[[ Data extract, beginning ]]

lemma PiE_open_in_sets_mu:
  assumes "\<And>i. open (X i)" and "finite {i. X i \<noteq> UNIV}"
  shows "Pi\<^sub>E UNIV X \<in> sets mu"
proof -
  obtain m where "{i. X i \<noteq> UNIV} \<subseteq> {..<m}"
    using finite_nat_bounded assms(2) by blast
  then have "(\<forall>i. X i \<in> sets borel) \<and> (\<forall>i\<ge>m. X i = UNIV)"
    using assms(1) by auto
  then have "Pi\<^sub>E UNIV X \<in> cylinders"
    unfolding cylinders_def by blast
  then show ?thesis
    unfolding sets_mu B_inf_def by (rule sigma_sets.Basic)
qed

lemma mu_outer_open_PiE_infinite:
  assumes "x0 \<in> Pi\<^sub>E UNIV X" and "\<And>i. open (X i)" and "finite {i. X i \<noteq> UNIV}"
  shows "mu_outer (Pi\<^sub>E UNIV X) = \<infinity>"
proof -
  define F where "F = {i. X i \<noteq> UNIV}"
  have "\<forall>i. \<exists>d>0. {x0 i..x0 i + d} \<subseteq> X i"
  proof
    fix i
    have "x0 i \<in> X i"
      using assms(1) by (simp add: PiE_iff)
    then obtain e where "0 < e" "cball (x0 i) e \<subseteq> X i"
      using assms(2) open_contains_cball by blast
    moreover have "{x0 i..x0 i + e} \<subseteq> cball (x0 i) e"
      by (auto simp: cball_def dist_real_def)
    ultimately show "\<exists>d>0. {x0 i..x0 i + d} \<subseteq> X i"
      by blast
  qed
  then obtain \<delta> where \<delta>: "\<forall>i. 0 < \<delta> i \<and> {x0 i..x0 i + \<delta> i} \<subseteq> X i"
    by (auto dest!: choice)
  have "{x. \<forall>i\<in>F. x i \<in> {x0 i..x0 i + \<delta> i}} \<subseteq> Pi\<^sub>E UNIV X"
  proof (intro subsetI PiE_I)
    fix x i assume x: "x \<in> {x. \<forall>i\<in>F. x i \<in> {x0 i..x0 i + \<delta> i}}"
    show "x i \<in> X i"
    proof (cases "i \<in> F")
      case True
      then show ?thesis
        using x \<delta> by blast
    qed (simp add: F_def)
  qed simp
  then show ?thesis
    using assms(3) \<delta> by (intro mu_outer_cylinder_infinite[of F \<delta> x0]) (simp_all add: F_def)
qed

lemma open_contains_infinite_mu_set:
  fixes V :: "(nat \<Rightarrow> real) set"
  assumes "open V" and "x0 \<in> V"
  obtains U where "U \<in> sets mu" and "U \<subseteq> V" and "emeasure mu U = \<infinity>"
proof -
  have "openin (product_topology (\<lambda>i. euclidean) UNIV) V"
    using assms(1) by (simp add: open_fun_def)
  from product_topology_open_contains_basis[OF this assms(2)]
  obtain X where X: "x0 \<in> Pi\<^sub>E UNIV X" "\<And>i. open (X i)" "finite {i. X i \<noteq> UNIV}"
    and "Pi\<^sub>E UNIV X \<subseteq> V"
    by auto
  moreover have "Pi\<^sub>E UNIV X \<in> sets mu"
    using X(2,3) by (rule PiE_open_in_sets_mu)
  moreover from this have "emeasure mu (Pi\<^sub>E UNIV X) = \<infinity>"
    using mu_outer_open_PiE_infinite[OF X] by (simp add: emeasure_mu sets_mu)
  ultimately show ?thesis
    using that by blast
qed

lemma nonzero_continuous_not_in_Lp_mu:
  fixes f :: "(nat \<Rightarrow> real) \<Rightarrow> real"
  assumes "continuous_on UNIV f" and "f x0 \<noteq> 0" and "0 \<le> p"
  shows "\<not> in_Lp mu p f"
proof
  define c where "c = \<bar>f x0\<bar> / 2"
  have "0 < c"
    using assms(2) by (simp add: c_def)
  have "open {x. c < \<bar>f x\<bar>}"
    using assms(1) by (intro open_Collect_less continuous_intros) auto
  moreover have "x0 \<in> {x. c < \<bar>f x\<bar>}"
    using assms(2) by (simp add: c_def)
  ultimately obtain U where U: "U \<in> sets mu" "U \<subseteq> {x. c < \<bar>f x\<bar>}" "emeasure mu U = \<infinity>"
    by (rule open_contains_infinite_mu_set)
  have "\<infinity> = ennreal (c powr p) * emeasure mu U"
    using U(3) \<open>0 < c\<close> by (simp add: ennreal_mult_top)
  also have "\<dots> = (\<integral>\<^sup>+ x. ennreal (c powr p) * indicator U x \<partial>mu)"
    using U(1) by (rule nn_integral_cmult_indicator[symmetric])
  also have "\<dots> \<le> (\<integral>\<^sup>+ x. ennreal (\<bar>f x\<bar> powr p) \<partial>mu)"
    using U(2) \<open>0 < c\<close> assms(3)
    by (intro nn_integral_mono) (auto simp: indicator_def intro!: powr_mono2)
  finally have "(\<integral>\<^sup>+ x. ennreal (\<bar>f x\<bar> powr p) \<partial>mu) = \<infinity>"
    by (simp add: top_unique)
  moreover assume "in_Lp mu p f"
  ultimately show False
    by (simp add: in_Lp_def)
qed

theorem theoremA8:
  fixes f :: "(nat \<Rightarrow> real) \<Rightarrow> real" and x0 :: "nat \<Rightarrow> real"
  assumes "continuous_on UNIV f" and "f x0 \<noteq> 0"
  shows "(\<forall>p::real. 1 \<le> p \<longrightarrow> \<not> in_Lp mu p f) \<and>
         (\<forall>p::real. 1 \<le> p \<longrightarrow>
            {g :: (nat \<Rightarrow> real) \<Rightarrow> real. continuous_on UNIV g} \<inter> {g. in_Lp mu p g} = {\<lambda>x. 0})"
proof (intro conjI allI impI)
  fix p :: real assume "1 \<le> p"
  then show "\<not> in_Lp mu p f"
    using nonzero_continuous_not_in_Lp_mu[OF assms] by simp
  have "g = (\<lambda>x. 0)" if "continuous_on UNIV g" and "in_Lp mu p g" for g :: "(nat \<Rightarrow> real) \<Rightarrow> real"
  proof (rule ext, rule ccontr)
    fix y assume "g y \<noteq> 0"
    then show False
      using nonzero_continuous_not_in_Lp_mu[OF that(1)] that(2) \<open>1 \<le> p\<close> by simp
  qed
  moreover have "in_Lp mu p (\<lambda>x. 0)"
    using \<open>1 \<le> p\<close> by (simp add: in_Lp_def)
  ultimately show "{g. continuous_on UNIV g} \<inter> {g. in_Lp mu p g} = {\<lambda>x. 0}"
    by auto
qed

end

[[ Data extract, end ]]

▸ **What to work on**:
Check each line above for the word "blast" and copy the ones that have it.

▸ **Output of the exercise**:
    using finite_nat_bounded assms(2) by blast
    unfolding cylinders_def by blast
      using assms(2) open_contains_cball by blast
      by blast
        using x \<delta> by blast
    using that by blast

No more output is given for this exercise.